Broken

Home > Other > Broken > Page 9
Broken Page 9

by Delia Steele


  It’s been 5 ½ months since Cams accident and the baby is on its way. Hardest part about this knowing Cam will miss the whole experience but Valeria is here and taping the whole thing, one day he will watch it I have to hope! And I have to do a good job so I can get back home to him. As bad as I want him to wake up I don’t want him to while I am gone. It would kill me for him to be scared with someone he doesn’t even know. This fucking pain is CRAZY like stepping on a jagged knife and ripping my toes off CRAZY but I just can’t bring myself to get the epidural my baby will be drug free and I will endure what it takes to ensure that! It’s the least I can do after all the drinking my first trimester. Maggie and Alex are here as well as Gus, Cam’s Mom Mary Ann, and of course Georgina. Just when I think I am going to pass out I hear it, the cry that sounds like an angel singing. A second later I see a beautiful baby sporting my bronzy skin tone with dark blonde hair(I am surprised Cams color won out over my dark mop) and when I lock eyes with my perfect little angel I am floored to see Cam looking back at me. This child is a spitting image of Cam all the way down to the emerald green eyes. And now that my child’s life isn’t effected by my feelings and actions I let my guard down and I cry for 5 months lost with the man I love more than life. I cry because for the first time in 5 months I see him in my child’s eyes and I realize how void I am without him. I cry for the beautiful life we created that he still doesn’t even know about. I cried because for the first time I have a blood relative alive again and this child will forever love me like I should love myself. UNCONDITIONALLY AND WITHOUT JUDGEMENT.

  After only 1 night at the hospital Baby Cruz and I are released with a clean bill of health. I had Gus come in the Hummer to get us I figure it’s the safest vehicle I own, however I wasn’t thinking about how I would get in. GESH The car ride home was a nightmare. I was a ball of nerves. Baby Cruz looked so sweet in the sock monkey car seat, my own little miracle. Just sleeping the whole way never even batting an eye. The house is the same of course it would be it’s only been a day. I let Gus and Valeria bring in Baby Cruz and the luggage. (I can’t tote the car seat yet) I go as fast as my legs will take me without hurting myself, still got a few stitches in my va-jay-jay ha! Through the door to Cam. He looks different. It’s only been a day yes but he is turned on his side and the curtains are still drawn to. I freak instantly. The hour it is he should not be turned towards the back wall he should be on his left side facing the window and the curtains should be open it’s beautiful. Oh when I see that nurse her ass is roasted, she is slacking with me being gone one dayum day seriously. LAZY BITCH. I go straight to his bed and start trying to get him turned he has a schedule and EVERYONE knows it just incase something happens and I am not home. We stick to it but with Val & Gus being with me the help got just too comfy. Gus sits down the car seat and comes to help me before I hurt myself and I let him. Now I have tears staining my cheeks because no one will ever love him the way I do. His mom is on her way for a few days but she doesn’t know how to take care of him like this. After I pull the curtains open I take baby Cruz over to meet Cam.

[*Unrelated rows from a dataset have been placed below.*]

lemma wvar_leave_two_out_centered:
  fixes a b :: "'i \<Rightarrow> real"
  assumes "finite S" "(\<Sum>i\<in>S. a i * b i) = 0"
  shows "(\<Sum>k\<in>S. \<Sum>l\<in>S-{k}. wvar a b (S - {k} - {l}))
       = (real (card S) - 1) * (real (card S) - 2) * wvar a b S
         - (\<Sum>k\<in>S. \<Sum>l\<in>S-{k}. (a k * b k + a l * b l)\<^sup>2 / ((\<Sum>i\<in>S. a i) - a k - a l))"
proof -
  have "wvar a b (S - {k} - {l}) = (\<Sum>i\<in>S-{k}-{l}. a i * (b i)\<^sup>2)
      - (a k * b k + a l * b l)\<^sup>2 / ((\<Sum>i\<in>S. a i) - a k - a l)" if "k \<in> S" "l \<in> S - {k}" for k l
  proof -
    have "(\<Sum>i\<in>S-{k}-{l}. a i * b i) = - (a k * b k + a l * b l)"
      using assms that by (simp add: sum_diff1)
    then have sq: "(\<Sum>i\<in>S-{k}-{l}. a i * b i)\<^sup>2 = (a k * b k + a l * b l)\<^sup>2"
      by (simp only: power2_minus)
    show ?thesis unfolding wvar_def sq using assms(1) that by (simp add: sum_diff1)
  qed
  then have "(\<Sum>k\<in>S. \<Sum>l\<in>S-{k}. wvar a b (S - {k} - {l}))
      = (\<Sum>k\<in>S. \<Sum>l\<in>S-{k}. \<Sum>i\<in>S-{k}-{l}. a i * (b i)\<^sup>2)
        - (\<Sum>k\<in>S. \<Sum>l\<in>S-{k}. (a k * b k + a l * b l)\<^sup>2 / ((\<Sum>i\<in>S. a i) - a k - a l))"
    by (simp add: sum_subtractf)
  then show ?thesis using assms by (simp add: sum_leave_two_out wvar_def)
qed

lemma wvar_leave_two_out:
  fixes a b :: "'i \<Rightarrow> real"
  assumes fin: "finite S" and nn: "\<And>i. i \<in> S \<Longrightarrow> a i \<ge> 0"
  shows "(real (card S) - 1) * (real (card S) - 2) * wvar a b S
           + (\<Sum>k\<in>S. \<Sum>l\<in>S-{k}. wvar a b (S - {k} - {l}))
       \<le> 2 * (real (card S) - 2) * (\<Sum>k\<in>S. wvar a b (S - {k}))"
proof (cases "(\<Sum>i\<in>S. a i) = 0")
  case True
  then have "wvar a b T = 0" if "T \<subseteq> S" for T
    using that fin nn by (intro wvar_zero_weights) (auto simp: sum_nonneg_eq_0_iff)
  then show ?thesis by (simp add: Diff_subset subset_iff)
next
  case False
  obtain c where cen: "(\<Sum>i\<in>S. a i * (b i - c)) = 0"
    and shift: "\<And>T. T \<subseteq> S \<Longrightarrow> wvar a (\<lambda>i. b i - c) T = wvar a b T"
    using wvar_center[where a = a and b = b, OF fin nn False] by blast
  define b' n W where "b' = (\<lambda>i. b i - c)" and "n = real (card S)" and "W = (\<Sum>i\<in>S. a i)"
  have "2 * (n - 2) * (\<Sum>k\<in>S. (a k * b' k)\<^sup>2 / (W - a k))
      \<le> (\<Sum>k\<in>S. \<Sum>l\<in>S-{k}. (a k * b' k + a l * b' l)\<^sup>2 / (W - a k - a l))"
    unfolding n_def using leave_two_out_key_ineq[where a = a and b = b', OF fin nn] cen
    by (simp add: b'_def W_def)
  moreover have "(n - 1) * wvar a b' S - (\<Sum>k\<in>S. wvar a b' (S - {k}))
      = (\<Sum>k\<in>S. (a k * b' k)\<^sup>2 / (W - a k))"
    using wvar_leave_one_out_centered[OF fin, of a b'] cen by (simp add: b'_def n_def W_def)
  moreover have "(\<Sum>k\<in>S. \<Sum>l\<in>S-{k}. wvar a b' (S - {k} - {l})) = (n - 1) * (n - 2) * wvar a b' S
      - (\<Sum>k\<in>S. \<Sum>l\<in>S-{k}. (a k * b' k + a l * b' l)\<^sup>2 / (W - a k - a l))"
    using wvar_leave_two_out_centered[OF fin, of a b'] cen by (simp add: b'_def n_def W_def)
  moreover have "wvar a b' T = wvar a b T" if "T \<subseteq> S" for T
    using shift[OF that] by (simp add: b'_def)
  ultimately show ?thesis unfolding n_def[symmetric]
    by (simp add: Diff_subset subset_iff algebra_simps)
qed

  Cam has on a simple grey t-shirt and is on his side now the right way. I can’t help but lay the baby in his arm on the bed and pull it over. All while secretly praying it would be what woke him up! But no of course not, another prayer unanswered today. They look like they are sleeping together. CLICK I hear the camera, looking over and Valeria has captured their first meeting. Little did I know that would be the first of many of which I would turn into the photographer of.

  Chapter 23

  Baby Cruz is now 3 months old and Cam still sleeps. I have hired a physical therapist to come to my home daily because with the baby I just can’t work with Cam like I did, so I picked a highly qualified therapist to work his muscles and the new nurse he has now keeps him turned and iv’s checked. However I stay in this huge room with him always. Baby Cruz right along with us. I sit in my chair closest to the big window where I can see Cam, the sun, the water, Baby Cruz can play on a blanket with toys, and I can even make out our favorite grassy patch as it slowly has grown back to full plush with lack of us using it. I work from home in this chair on my laptop and using facetime. I do everything from this room except bathe. We never leave him. I can’t. Valeria has free reign over the entire house but with us in this room it stays fairly clean. Baby Cruz has never even lay in the crib in the nursery but always in the pack n play here. Today is beautiful and I want to go outside. But I won’t leave Cam. So I had Gus open the French doors leading out and had them roll the smaller transition bed over to Cam. With it in a slightly elevated position I had them move him over and Gus rolls him out right beside the egg shaped hanging swing. Which is where I sit holding my little angel, I don’t even know how long I stay there but it’s not long enough before the sun starts to go down and we just have to roll back inside. That’s as far as my adventures go now day’s online shopping, work, caretaker of my two loves, and sitting.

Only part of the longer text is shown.